An algorithm to compute the power of Monte Carlo tests with guaranteed precision
Axel Gandy, Patrick Rubin-Delanchy

TL;DR
This paper introduces a novel algorithm that provides guaranteed, conservative confidence intervals for the power of Monte Carlo tests, adaptable to various test types and ensuring specified precision and coverage.
Contribution
It presents the first method capable of computing guaranteed confidence intervals for Monte Carlo test power with adaptable effort and broad applicability.
Findings
Algorithm achieves finite expected effort in practical scenarios.
Provides conservative confidence intervals with user-specified length and coverage.
Implemented in R package simctest, available on CRAN.
Abstract
This article presents an algorithm that generates a conservative confidence interval of a specified length and coverage probability for the power of a Monte Carlo test (such as a bootstrap or permutation test).
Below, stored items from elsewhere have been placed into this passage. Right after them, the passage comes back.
(* In the setting described in the context (left-continuous distortion function $g$), suppose that the processes $M=(M_t)_{t=1}^n$ and $L=(L_t)_{t=1}^n$ have the same law. Then for all $t=1,\dots,n$ and $j=1,\dots,m+1$, $$\mathsf E[\mathbf 1_{t,j}]=\frac{\mathsf E\big[G\,\mathbf 1_{\{G\in[\alpha_{j-1},\alpha_j)\}}\big]}{g(\alpha_j)-g(\alpha_{j-1})},$$ and the random vectors $(\mathbf 1_{t,j})_{j=1,\dots,m+1}$, $t=1,\dots,n$, are independent.
   Context: Let $n\ge1$ and let $L=(L_t)_{t=1}^n$ (true losses) and $M=(M_t)_{t=1}^n$ (model) be real-valued stochastic processes on a probability space $(\Omega,\mathcal F,\mathsf P)$. Assume that for each $t$ the conditional distribution function $F_{M_t\mid M_{t-1},\dots,M_1}(x\mid y_{t-1},\dots,y_1)$ is continuous in $x$. Define the conditional quantile function $q^{t-1}_{M_t}(u)=\inf\{x: F_{M_t\mid M_{t-1},\dots,M_1}(x\mid L_{t-1},\dots,L_1)\ge u\}$, i.e. the quantile of the model's conditional law of $M_t$ evaluated at the observations $M_{t-1}=L_{t-1},\dots,M_1=L_1$. A distortion function is a non-decreasing $g:[0,1]\to[0,1]$ with $g(0)=0$, $g(1)=1$. Let $g$ be a left-continuous distortion function and let $G$ be a $[0,1]$-valued random variable, independent of $L$ and $M$, with $\mathsf P(G<u)=g(u)$ for all $u\in[0,1]$ (equivalently $G=1-\bar G$ where $\bar G$ has distribution function $\bar g(q)=1-g(1-q)$). Let $0=\alpha_0<\alpha_1<\dots<\alpha_m<\alpha_{m+1}=1$ be a partition with $g(\alpha_j)-g(\alpha_{j-1})\neq0$ for all $j=1,\dots,m+1$. Let $(G_{t,j})_{t=1,\dots,n;\,j=1,\dots,m+1}$ be independent random variables, independent of $(L,M)$, where $G_{t,j}$ has the conditional law of $G$ given $G\in[\alpha_{j-1},\alpha_j)$. The randomized exception indicators are $\mathbf 1_{t,j}=1$ if $L_t>q^{t-1}_{M_t}(1-G_{t,j})$ and $\mathbf 1_{t,j}=0$ otherwise. *)

theory Defs
  imports "HOL-Probability.Probability"
begin

definition hist :: "(nat \<Rightarrow> 'a \<Rightarrow> real) \<Rightarrow> nat \<Rightarrow> 'a \<Rightarrow> nat \<Rightarrow> real" where
  "hist X t \<omega> = (\<lambda>i\<in>{1..<t}. X i \<omega>)"

text \<open>F is (a version of) the conditional distribution function of X_t given
  (X_{t-1},...,X_1): F x y is, for every history y, a distribution function in x,
  it is measurable in y, and it integrates to the joint law.\<close>
definition cond_cdf ::
  "'a measure \<Rightarrow> (nat \<Rightarrow> 'a \<Rightarrow> real) \<Rightarrow> nat \<Rightarrow> (real \<Rightarrow> (nat \<Rightarrow> real) \<Rightarrow> real) \<Rightarrow> bool" where
  "cond_cdf P X t F \<longleftrightarrow>
     (\<forall>y. mono (\<lambda>x. F x y) \<and> ((\<lambda>x. F x y) \<longlongrightarrow> 0) at_bot \<and> ((\<lambda>x. F x y) \<longlongrightarrow> 1) at_top
          \<and> (\<forall>x. continuous (at_right x) (\<lambda>x. F x y))) \<and>
     (\<forall>x. (\<lambda>y. F x y) \<in> borel_measurable (PiM {1..<t} (\<lambda>_. borel))) \<and>
     (\<forall>x. \<forall>B\<in>sets (PiM {1..<t} (\<lambda>_. borel)).
        measure P {\<omega>\<in>space P. X t \<omega> \<le> x \<and> hist X t \<omega> \<in> B}
        = (\<integral>\<omega>. indicator B (hist X t \<omega>) * F x (hist X t \<omega>) \<partial>P))"

text \<open>Generalised inverse (quantile) of a distribution function, with values in
  the extended reals (Inf of the empty set is +\<infinity>, of an unbounded set -\<infinity>).\<close>
definition cquantile :: "(real \<Rightarrow> real) \<Rightarrow> real \<Rightarrow> ereal" where
  "cquantile F u = Inf {ereal x | x. F x \<ge> u}"

definition left_cont_distortion :: "(real \<Rightarrow> real) \<Rightarrow> bool" where
  "left_cont_distortion g \<longleftrightarrow> mono_on {0..1} g \<and> g ` {0..1} \<subseteq> {0..1} \<and> g 0 = 0 \<and> g 1 = 1
     \<and> (\<forall>u\<in>{0<..1}. continuous (at_left u) g)"

text \<open>Randomized exception indicator 1_{t,j}: L_t > q^{t-1}_{M_t}(1 - G_{t,j}), where
  F t is the conditional cdf of M_t given M_{t-1},...,M_1, evaluated at the history of L.\<close>
definition exc_ind ::
  "(nat \<Rightarrow> real \<Rightarrow> (nat \<Rightarrow> real) \<Rightarrow> real) \<Rightarrow> (nat \<Rightarrow> 'a \<Rightarrow> real) \<Rightarrow> (nat \<Rightarrow> nat \<Rightarrow> 'a \<Rightarrow> real)
     \<Rightarrow> nat \<Rightarrow> nat \<Rightarrow> 'a \<Rightarrow> real" where
  "exc_ind F L Gr t j \<omega> =
     (if ereal (L t \<omega>) > cquantile (\<lambda>x. F t x (hist L t \<omega>)) (1 - Gr t j \<omega>) then 1 else 0)"

end

theory Submission
  imports Defs
begin

text \<open>Write U_t = F_t(L_t | L_{t-1}, ..., L_1). Since L has the law of M, F_t is also a continuous
  conditional distribution function of L_t given the past of L, so U_t is uniform on [0,1] and
  independent of that past (conditional probability integral transform). Hence U_1, ..., U_n are
  independent uniforms and, being functions of (L, M), independent of the randomisations G_{t,j}.
  As U_t has no atoms, the exception L_t > q(1 - G_{t,j}) occurs almost surely exactly when
  1 - G_{t,j} < U_t. So the expected exception is P(U_t > 1 - G_{t,j}) = E G_{t,j}, which the law of
  G_{t,j} turns into the stated ratio, and the exception vectors are independent as functions of
  the disjoint blocks (U_t, G_{t,1}, ..., G_{t,m+1}).\<close>

section \<open>Measurability of Caratheodory functions\<close>

definition dyadic_round :: "nat \<Rightarrow> real \<Rightarrow> real" where
  "dyadic_round i x = real_of_int (max (- int (i * 2^i)) (min (int (i * 2^i)) \<lceil>x * 2^i\<rceil>)) / 2^i"

lemma finite_range_dyadic_round: "finite (range (dyadic_round i))"
proof (rule finite_subset)
  show "range (dyadic_round i) \<subseteq> (\<lambda>z. real_of_int z / 2^i) ` {- int (i * 2^i) .. int (i * 2^i)}"
    unfolding dyadic_round_def by (intro image_subsetI imageI) auto
qed simp

lemma borel_measurable_dyadic_round[measurable]: "dyadic_round i \<in> borel_measurable borel"
  unfolding dyadic_round_def by measurable

lemma eventually_dyadic_round_bounds:
  "eventually (\<lambda>i. x \<le> dyadic_round i x \<and> dyadic_round i x \<le> x + 1/2^i) sequentially"
proof -
  obtain N :: nat where N: "\<bar>x\<bar> + 1 \<le> real N" using real_arch_simple by blast
  show ?thesis unfolding eventually_sequentially
  proof (intro exI allI impI)
    fix i assume "N \<le> i"
    then have "(\<bar>x\<bar> + 1) * 2^i \<le> real i * 2^i" using N by (intro mult_right_mono) auto
    moreover have "\<bar>x * 2^i\<bar> = \<bar>x\<bar> * 2^i" by (simp add: abs_mult)
    moreover have "x * 2^i \<le> real_of_int \<lceil>x * 2^i\<rceil>" "real_of_int \<lceil>x * 2^i\<rceil> < x * 2^i + 1"
      by linarith+
    moreover have "(1::real) \<le> 2^i" by simp
    ultimately have "\<bar>real_of_int \<lceil>x * 2^i\<rceil>\<bar> \<le> real i * 2^i"
      using abs_ge_self[of "x * 2^i"] abs_ge_minus_self[of "x * 2^i"]
      unfolding abs_le_iff distrib_right by linarith
    then have "real_of_int \<bar>\<lceil>x * 2^i\<rceil>\<bar> \<le> real_of_int (int (i * 2^i))" by simp
    then have "\<bar>\<lceil>x * 2^i\<rceil>\<bar> \<le> int (i * 2^i)" by (simp only: of_int_le_iff)
    then have "dyadic_round i x = real_of_int \<lceil>x * 2^i\<rceil> / 2^i"
      unfolding dyadic_round_def by (simp add: abs_le_iff)
    moreover have "real_of_int \<lceil>x * 2^i\<rceil> \<le> x * 2^i + 1" by linarith
    ultimately show "x \<le> dyadic_round i x \<and> dyadic_round i x \<le> x + 1/2^i"
      by (simp add: pos_le_divide_eq pos_divide_le_eq algebra_simps)
  qed
qed

lemma dyadic_round_tendsto: "(\<lambda>i. dyadic_round i x) \<longlonglongrightarrow> x"
proof (rule tendsto_sandwich[of "\<lambda>i. x" _ _ "\<lambda>i. x + (1/2)^i"])
  show "\<forall>\<^sub>F i in sequentially. x \<le> dyadic_round i x"
    "\<forall>\<^sub>F i in sequentially. dyadic_round i x \<le> x + (1/2)^i"
    using eventually_dyadic_round_bounds[of x] by (auto elim: eventually_mono simp: power_one_over)
  show "(\<lambda>i. x + (1/2::real)^i) \<longlonglongrightarrow> x"
    using tendsto_add[OF tendsto_const LIMSEQ_power_zero[of "1/2::real"]] by simp
qed simp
It is the first method that achieves this aim for almost any Monte Carlo test. Previous research has focused on obtaining as accurate a result as possible for a fixed computational effort, without providing a guaranteed precision in the above sense. The algorithm we propose does not have a fixed effort and runs until a confidence interval with a user-specified length and coverage probability can be constructed. We show that the expected effort required by the algorithm is finite in most cases of practical interest, including situations where the distribution of the p-value is absolutely continuous or discrete with finite support. The algorithm is implemented in the R-package…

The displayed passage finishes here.